Though we concluded that one offense was intended under sec. 943.32(1), the same conclusion cannot be drawn in this case. First, secs. 943.20(l)(a) [701]*701and (b) were enacted simultaneously as part of the revision of the Wisconsin Criminal Code. See ch. 696, Wis. Laws of 1955. Both of these sections contain virtually identical language and no statutory instructions to read the terms in sub. (l)(a) differently than the identical terms in sub. (l)(b).

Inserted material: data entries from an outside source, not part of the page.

(* Every point of a level set is joined to its base point: along its sheet to the
   slice y = 0 (resp. y = 1), then through the slices to base t. *)
lemma level_component_base:
  assumes p: "p \<in> level t"
  shows "path_component (level t) p (base t)"
proof (cases "p$i2 \<le> 0")
  case True
  let ?p0 = "pt p (p$i1) 0 t"
  have "path_component (level t) p ?p0"
    by (rule path_component_via_convex[OF convex_Int[OF convex_Int[OF convex_coord_eq convex_coord_le]
          convex_coord_affine] lower_sheet[of "p$i1" t]])
       (use True p in \<open>auto simp: phi_def height_def\<close>)
  moreover have "path_component (level t) ?p0 (base t)"
    by (rule path_component_via_convex[OF _ slice_y0[of t]])
       (auto simp: base_def convex_Int convex_coord_eq)
  ultimately show ?thesis by (rule path_component_trans)
next
  case False
  let ?p1 = "pt p (p$i1) 1 t"
  have "path_component (level t) p ?p1"
    by (rule path_component_via_convex[OF convex_Int[OF convex_Int[OF convex_coord_eq convex_coord_gt]
          convex_coord_affine] upper_sheet[of "p$i1" t]])
       (use False p in \<open>auto simp: phi_def height_def algebra_simps\<close>)
  moreover have "path_component (level t) ?p1 (pt 0 0 1 t)"
    by (rule path_component_via_convex[OF _ slice_y1[of t]])
       (auto simp: convex_Int convex_coord_eq)
  moreover have "path_component (level t) (pt 0 0 1 t) (base t)"
    by (rule path_component_via_convex[OF _ slice_x0[of t]])
       (auto simp: base_def convex_Int convex_coord_eq)
  ultimately show ?thesis by (meson path_component_trans)
qed

lemma component_base_in_vimage:
  "phi p \<in> A \<Longrightarrow> path_component (phi -` A) p (base (phi p))"
  by (rule path_component_of_subset[OF _ level_component_base]) auto

lemma level_path_connected: "path_connected (level t)"
  unfolding path_connected_component
  by (meson level_component_base path_component_sym path_component_trans)

(* Near p, fix y \<notin> {0, 1}: then height x y = c * d x with c \<noteq> 0, and the dense
   graph of x \<mapsto> c * d x + t provides a point of the level set close to p. *)
lemma level_dense: "closure (level t) = UNIV"
proof -
  have "\<exists>q\<in>level t. dist q p < e" if e: "e > 0" for p e
  proof -
    define y where "y = (if p$i2 = 0 \<or> p$i2 = 1 then p$i2 + min (e/3) (1/2) / 2 else p$i2)"
    have y: "\<bar>y - p$i2\<bar> < e/3" "y \<noteq> 0" "y \<noteq> 1" using e by (auto simp: y_def)
    define c where "c = (if y \<le> 0 then y else y - 1)"
    have c: "c \<noteq> 0" using y by (auto simp: c_def)
    have on_level: "pt p x y (c * d x + t) \<in> level t" for x
      by (simp add: height_def c_def)
    obtain x where x: "\<bar>x - p$i1\<bar> < e/3" "\<bar>c * d x + t - p$i3\<bar> < e/3"
      using dense_graphD[OF dense_graph_affine[OF d_dense c, of t], of "e/3" "p$i1" "p$i3"] e by auto
    have "dist (pt p x y (c * d x + t)) p < e"
      using dist_pt[of p x y "c * d x + t"] x y by linarith
    then show ?thesis using on_level by blast
  qed
  then show ?thesis by (auto simp: closure_approachable)
qed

Second, the legislative history does not mandate that the terms in sub. (l)(b) ought to be read differently than those in sub. (l)(a). See Assembly Bill 814,A (ch. 696, Wis. Laws of 1955). Further, using the Manson reasoning as a guide, this court in Tappa concluded that the nature of the proscribed conduct of "transferring" and "concealing" represented significantly different acts:
Concealing only requires the actual hiding of the property, whereas transferring requires the involvement of a third-party and a change in the possession of such property. A transfer involves a separate volitional act. It is not incidental to the concealment. It involves seeking out a third-party and arranging the terms of the transfer.

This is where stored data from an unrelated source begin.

(* For all $k,m\in\mathbb{N}$ with $k<m$, the metric space $([\mathbb{N}]^k,d^{(k)}_{\mathrm{I}})$ embeds isometrically into $([\mathbb{N}]^m,d^{(m)}_{\mathrm{I}})$.
   Context: For $k\in\mathbb{N}$, $[\mathbb{N}]^k$ is the set of subsets of $\mathbb{N}$ of cardinality $k$, written $\{a_1<\dots<a_k\}$. Kalton's interlacing graph on $[\mathbb{N}]^k$: $A=\{a_1<\dots<a_k\}\ne B=\{b_1<\dots<b_k\}$ are adjacent iff either $a_i\le b_i\le a_{i+1}$ for $1\le i<k$ and $a_k\le b_k$, or $b_i\le a_i\le b_{i+1}$ for $1\le i<k$ and $b_k\le a_k$. $d^{(k)}_{\mathrm{I}}$ is its shortest-path metric. *)

theory Defs
  imports Main "HOL-Library.Extended_Nat"
begin

definition ksets :: "nat \<Rightarrow> nat set set" where
  "ksets k = {A. finite A \<and> card A = k}"

definition elt :: "nat set \<Rightarrow> nat \<Rightarrow> nat" where
  "elt A i = sorted_list_of_set A ! i"

text \<open>One-sided interlacing: a_i \<le> b_i \<le> a_{i+1} for 1 \<le> i < k and a_k \<le> b_k
  (here with 0-based indices).\<close>
definition interlaces :: "nat \<Rightarrow> nat set \<Rightarrow> nat set \<Rightarrow> bool" where
  "interlaces k A B \<longleftrightarrow>
     (\<forall>i. i + 1 < k \<longrightarrow> elt A i \<le> elt B i \<and> elt B i \<le> elt A (i + 1)) \<and>
     (0 < k \<longrightarrow> elt A (k - 1) \<le> elt B (k - 1))"

definition interlacing_adj :: "nat \<Rightarrow> nat set \<Rightarrow> nat set \<Rightarrow> bool" where
  "interlacing_adj k A B \<longleftrightarrow>
     A \<in> ksets k \<and> B \<in> ksets k \<and> A \<noteq> B \<and> (interlaces k A B \<or> interlaces k B A)"

text \<open>Shortest-path metric (value \<infinity> if no path exists).\<close>
definition dI :: "nat \<Rightarrow> nat set \<Rightarrow> nat set \<Rightarrow> enat" where
  "dI k A B = (INF n \<in> {n. (interlacing_adj k ^^ n) A B}. enat n)"

end

theory Submission
  imports Defs
begin

text \<open>Pad a k-set A with the j smallest naturals and shift A up by j: the resulting
  (j + k)-set agrees with every other padded set in its first j entries, so interlacing of
  padded sets is exactly interlacing of the original sets, and padding maps edges to edges.
  Conversely, dropping the j smallest entries and shifting down maps every edge of the
  (j + k)-graph to an edge or a loop of the k-graph, and it inverts padding. Both maps are
  therefore 1-Lipschitz for the path metrics, which forces padding to be an isometry.\<close>

lemma sorted_list_of_set_strict_sorted:
  "sorted_wrt (<) xs \<Longrightarrow> sorted_list_of_set (set xs) = xs"
  by (simp add: strict_sorted_iff sorted_list_of_set.idem_if_sorted_distinct)

definition pad :: "nat \<Rightarrow> nat set \<Rightarrow> nat set" where
  "pad j A = {..<j} \<union> (+) j ` A"

definition unpad :: "nat \<Rightarrow> nat set \<Rightarrow> nat set" where
  "unpad j C = (\<lambda>x. x - j) ` set (drop j (sorted_list_of_set C))"

lemma sorted_list_of_set_pad:
  assumes "finite A"
  shows "sorted_list_of_set (pad j A) = [0..<j] @ map ((+) j) (sorted_list_of_set A)"
proof -
  have "pad j A = set ([0..<j] @ map ((+) j) (sorted_list_of_set A))"
    using assms by (auto simp: pad_def)
  moreover have "sorted_wrt (<) ([0..<j] @ map ((+) j) (sorted_list_of_set A))"
    by (auto simp: sorted_wrt_append sorted_wrt_map)
  ultimately show ?thesis
    by (metis sorted_list_of_set_strict_sorted)
qed

lemma sorted_list_of_set_unpad:
  assumes "finite C"
  shows "sorted_list_of_set (unpad j C) = map (\<lambda>x. x - j) (drop j (sorted_list_of_set C))"
proof -
  let ?xs = "drop j (sorted_list_of_set C)"
  have strict: "sorted_wrt (<) ?xs"
    by simp
  have large: "j \<le> x" if "x \<in> set ?xs" for x
  proof -
    from that obtain i where "i < length ?xs" "x = ?xs ! i"
      by (auto simp: in_set_conv_nth)
    then show ?thesis
      using sorted_wrt_less_idx[of "sorted_list_of_set C" "j + i"] by force
  qed
  have "sorted_wrt (<) (map (\<lambda>x. x - j) ?xs)"
    unfolding sorted_wrt_map using strict
    by (rule sorted_wrt_mono_rel[rotated]) (simp add: large diff_less_mono)
  then show ?thesis
    unfolding unpad_def by (metis sorted_list_of_set_strict_sorted set_map)
qed

lemma card_pad: "finite A \<Longrightarrow> card (pad j A) = j + card A"
  by (metis length_append length_map length_sorted_list_of_set length_upt
      minus_nat.diff_0 sorted_list_of_set_pad)

lemma card_unpad: "finite C \<Longrightarrow> card (unpad j C) = card C - j"
  by (metis length_drop length_map length_sorted_list_of_set sorted_list_of_set_unpad)

lemma elt_pad:
  "finite A \<Longrightarrow> i < j + card A \<Longrightarrow> elt (pad j A) i = (if i < j then i else j + elt A (i - j))"
  by (simp add: elt_def sorted_list_of_set_pad nth_append)

lemma elt_unpad:
  "finite C \<Longrightarrow> j + i < card C \<Longrightarrow> elt (unpad j C) i = elt C (j + i) - j"
  using nth_drop[of j "sorted_list_of_set C" i] by (simp add: elt_def sorted_list_of_set_unpad)

lemma unpad_pad: "finite A \<Longrightarrow> unpad j (pad j A) = A"
  by (simp add: unpad_def sorted_list_of_set_pad image_image)

lemma pad_ksets: "A \<in> ksets k \<Longrightarrow> pad j A \<in> ksets (j + k)"
  using card_pad[of A j] by (simp add: ksets_def pad_def)

lemma unpad_ksets: "C \<in> ksets (j + k) \<Longrightarrow> unpad j C \<in> ksets k"
  using card_unpad[of C j] by (simp add: ksets_def unpad_def)

lemma interlaces_pad:
  assumes A: "A \<in> ksets k" and B: "B \<in> ksets k" and AB: "interlaces k A B"
  shows "interlaces (j + k) (pad j A) (pad j B)"
proof -
  have eltA: "elt (pad j A) i = (if i < j then i else j + elt A (i - j))" if "i < j + k" for i
    using A that by (simp add: ksets_def elt_pad)
  have eltB: "elt (pad j B) i = (if i < j then i else j + elt B (i - j))" if "i < j + k" for i
    using B that by (simp add: ksets_def elt_pad)
  have inner: "elt (pad j A) i \<le> elt (pad j B) i \<and> elt (pad j B) i \<le> elt (pad j A) (i + 1)"
    if i: "i + 1 < j + k" for i
  proof -
    consider "i + 1 < j" | "i + 1 = j" | "j \<le> i" by linarith
    then show ?thesis
    proof cases
      case 3
      then have "i - j + 1 < k" "i + 1 - j = i - j + 1" using i by auto
      with AB have "elt A (i - j) \<le> elt B (i - j) \<and> elt B (i - j) \<le> elt A (i + 1 - j)"
        by (simp add: interlaces_def)
      with 3 i show ?thesis by (simp add: eltA eltB)
    qed (use i in \<open>simp_all add: eltA eltB\<close>)
  qed
  have last: "elt (pad j A) (j + k - 1) \<le> elt (pad j B) (j + k - 1)" if "0 < j + k"
  proof (cases "k = 0")
    case False
    with AB have "elt A (k - 1) \<le> elt B (k - 1)" by (simp add: interlaces_def)
    with False show ?thesis by (simp add: eltA eltB)
  qed (use that in \<open>simp add: eltA eltB\<close>)
  from inner last show ?thesis by (simp add: interlaces_def)
qed

lemma interlaces_unpad:
  assumes C: "C \<in> ksets (j + k)" and D: "D \<in> ksets (j + k)" and CD: "interlaces (j + k) C D"
  shows "interlaces k (unpad j C) (unpad j D)"
proof -
  have eltC: "elt (unpad j C) i = elt C (j + i) - j" if "i < k" for i
    using C that by (simp add: ksets_def elt_unpad)
  have eltD: "elt (unpad j D) i = elt D (j + i) - j" if "i < k" for i
    using D that by (simp add: ksets_def elt_unpad)
  have "elt C (j + i) \<le> elt D (j + i) \<and> elt D (j + i) \<le> elt C (j + i + 1)" if "i + 1 < k" for i
    using CD that unfolding interlaces_def by (metis add.assoc nat_add_left_cancel_less)
  moreover have "elt C (j + (k - 1)) \<le> elt D (j + (k - 1))" if "0 < k"
    using CD that unfolding interlaces_def by simp
  ultimately show ?thesis
    unfolding interlaces_def by (simp add: eltC eltD diff_le_mono)
qed

lemma interlacing_adj_pad:
  "interlacing_adj k A B \<Longrightarrow> interlacing_adj (j + k) (pad j A) (pad j B)"
  unfolding interlacing_adj_def
  by (metis interlaces_pad pad_ksets unpad_pad ksets_def mem_Collect_eq)

lemma interlacing_adj_unpad:
  "interlacing_adj (j + k) C D \<Longrightarrow>
     unpad j C = unpad j D \<or> interlacing_adj k (unpad j C) (unpad j D)"
  unfolding interlacing_adj_def using interlaces_unpad unpad_ksets by blast

lemma relpowp_image_le:
  assumes step: "\<And>x y. R x y \<Longrightarrow> h x = h y \<or> S (h x) (h y)"
  shows "(R ^^ n) x y \<Longrightarrow> \<exists>n'\<le>n. (S ^^ n') (h x) (h y)"
proof (induction n arbitrary: y)
  case 0
  then show ?case by auto
next
  case (Suc n)
  then obtain z where "(R ^^ n) x z" "R z y"
    by (blast elim: relpowp_Suc_E)
  moreover from \<open>(R ^^ n) x z\<close> obtain n' where "n' \<le> n" "(S ^^ n') (h x) (h z)"
    using Suc.IH by blast
  ultimately show ?case
    using step[of z y] by (metis le_SucI Suc_le_mono relpowp_Suc_I)
qed

lemma dI_image_le:
  assumes "\<And>A B. interlacing_adj p A B \<Longrightarrow> h A = h B \<or> interlacing_adj q (h A) (h B)"
  shows "dI q (h A) (h B) \<le> dI p A B"
  unfolding dI_def
proof (rule INF_greatest)
  fix n assume "n \<in> {n. (interlacing_adj p ^^ n) A B}"
  then obtain n' where "n' \<le> n" "(interlacing_adj q ^^ n') (h A) (h B)"
    using relpowp_image_le[of "interlacing_adj p" h "interlacing_adj q", OF assms] by blast
  then show "(INF n \<in> {n. (interlacing_adj q ^^ n) (h A) (h B)}. enat n) \<le> enat n"
    by (meson INF_lower2 enat_ord_simps(1) mem_Collect_eq)
qed

lemma dI_pad:
  assumes "A \<in> ksets k" "B \<in> ksets k"
  shows "dI (j + k) (pad j A) (pad j B) = dI k A B"
proof (rule antisym)
  show "dI (j + k) (pad j A) (pad j B) \<le> dI k A B"
    by (rule dI_image_le) (simp add: interlacing_adj_pad)
  have "dI k (unpad j (pad j A)) (unpad j (pad j B)) \<le> dI (j + k) (pad j A) (pad j B)"
    by (rule dI_image_le) (rule interlacing_adj_unpad)
  with assms show "dI k A B \<le> dI (j + k) (pad j A) (pad j B)"
    by (simp add: ksets_def unpad_pad)
qed

theorem corollary5p2:
  fixes k m :: nat
  assumes "k < m"
  shows "\<exists>f :: nat set \<Rightarrow> nat set.
           (\<forall>A \<in> ksets k. f A \<in> ksets m) \<and>
           (\<forall>A \<in> ksets k. \<forall>B \<in> ksets k. dI m (f A) (f B) = dI k A B)"
proof -
  have m: "m = (m - k) + k" using assms by simp
  show ?thesis
    by (rule exI[of _ "pad (m - k)"]) (metis m pad_ksets dI_pad)
qed

end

Tappa, 127 Wis. 2d at 169 (emphasis added).
A clear distinction between the nature of proscribed acts was impossible to draw in State v. Lomagro, 113 Wis. 2d 582, 335 N.W.2d 583 (1983). The issue in Lomagro was whether the defendant's right to a unanimous verdict was violated when he was charged with one count of first-degree sexual assault, but evidence was introduced of six different acts of nonconsensual sexual intercourse. Id. at 586. The following rule was adopted:
When separate criminal offenses of the same type occur during one continuous criminal transaction, the prosecutor may join these acts in a single count [702]*702if they can properly be viewed as one continuous occurrence without violating the protections afforded the defendant by the rule against duplicity.

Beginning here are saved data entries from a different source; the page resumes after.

theorem mainTheorem6:
  fixes m n :: nat
  shows "(sseq 1 (m + 2) (int n))^2 =
           (if n = 0 then 1 else 0)
           + (sseq 1 (m + 2) (int n - 1))^2
           + (sseq 1 (m + 2) (int n - int m - 2))^2
           + 2 * (\<Sum>l = m + 2..n. Pperm {-2, -1, int m} (l - 1) * (sseq 1 (m + 2) (int n - int l))^2)"
proof (cases "n = 0")
  case True
  then show ?thesis
    by (simp add: sseq_0 sseq_neg)
next
  case False
  then have "sseq 1 (m + 2) (int n) =
      sseq 1 (m + 2) (int n - 1) + sseq 1 (m + 2) (int n - int m - 2)"
    by (simp add: sseq_pos algebra_simps)
  then show ?thesis
    using False sseq_cross_term[of m n] by (simp add: power2_sum)
qed

end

Id. at 589. Consequently, this court concluded that the acts of sexual assault alleged in the complaint were committed during a short period of time and, as such, were part of one continuous criminal transaction. Id. Unlike acts of sexual assault described in Lomagro, the proscribed conduct under sec. 943.20(l)(b) — using, transferring, concealing or retaining possession of the property of another — can be distinguished according to their individual nature, as well as the time frame in which each may be committed. See Tappa, 127 Wis. 2d at 169.
Third, the legislative intent has been supported by additional writings of those intimately involved in the design and drafting of the legislation. See Marygold Shire Melli and Frank J. Remington, Thefí; — A Comparative Analysis of the Present Law and the Proposed Criminal Code, 1954 Wis. L. Rev. 253, 267 (one of the most frequently suggested reforms in the criminal law is the consolidation of the theft offenses into one section). The jury instructions for sec. 943.20(l)(b) also serve as persuasive authority,15 since two of the members of the Criminal Jury Instructions Committee also served on the Criminal Code Advisory Committee which drafted the legislation. Wis. JI — Criminal 1444 corroborates the conclusion that sec. 943.20(l)(b) is comprised of distinct offenses.
[703]*703Both the legislative history and case law surrounding the drafting and development of sec. 943.20, Stats., require an affirmance of the decision of the court of appeals. Seymour must be given a new trial at which the jury will be properly instructed.
By the Court. — The decision of the court of appeals is affirmed.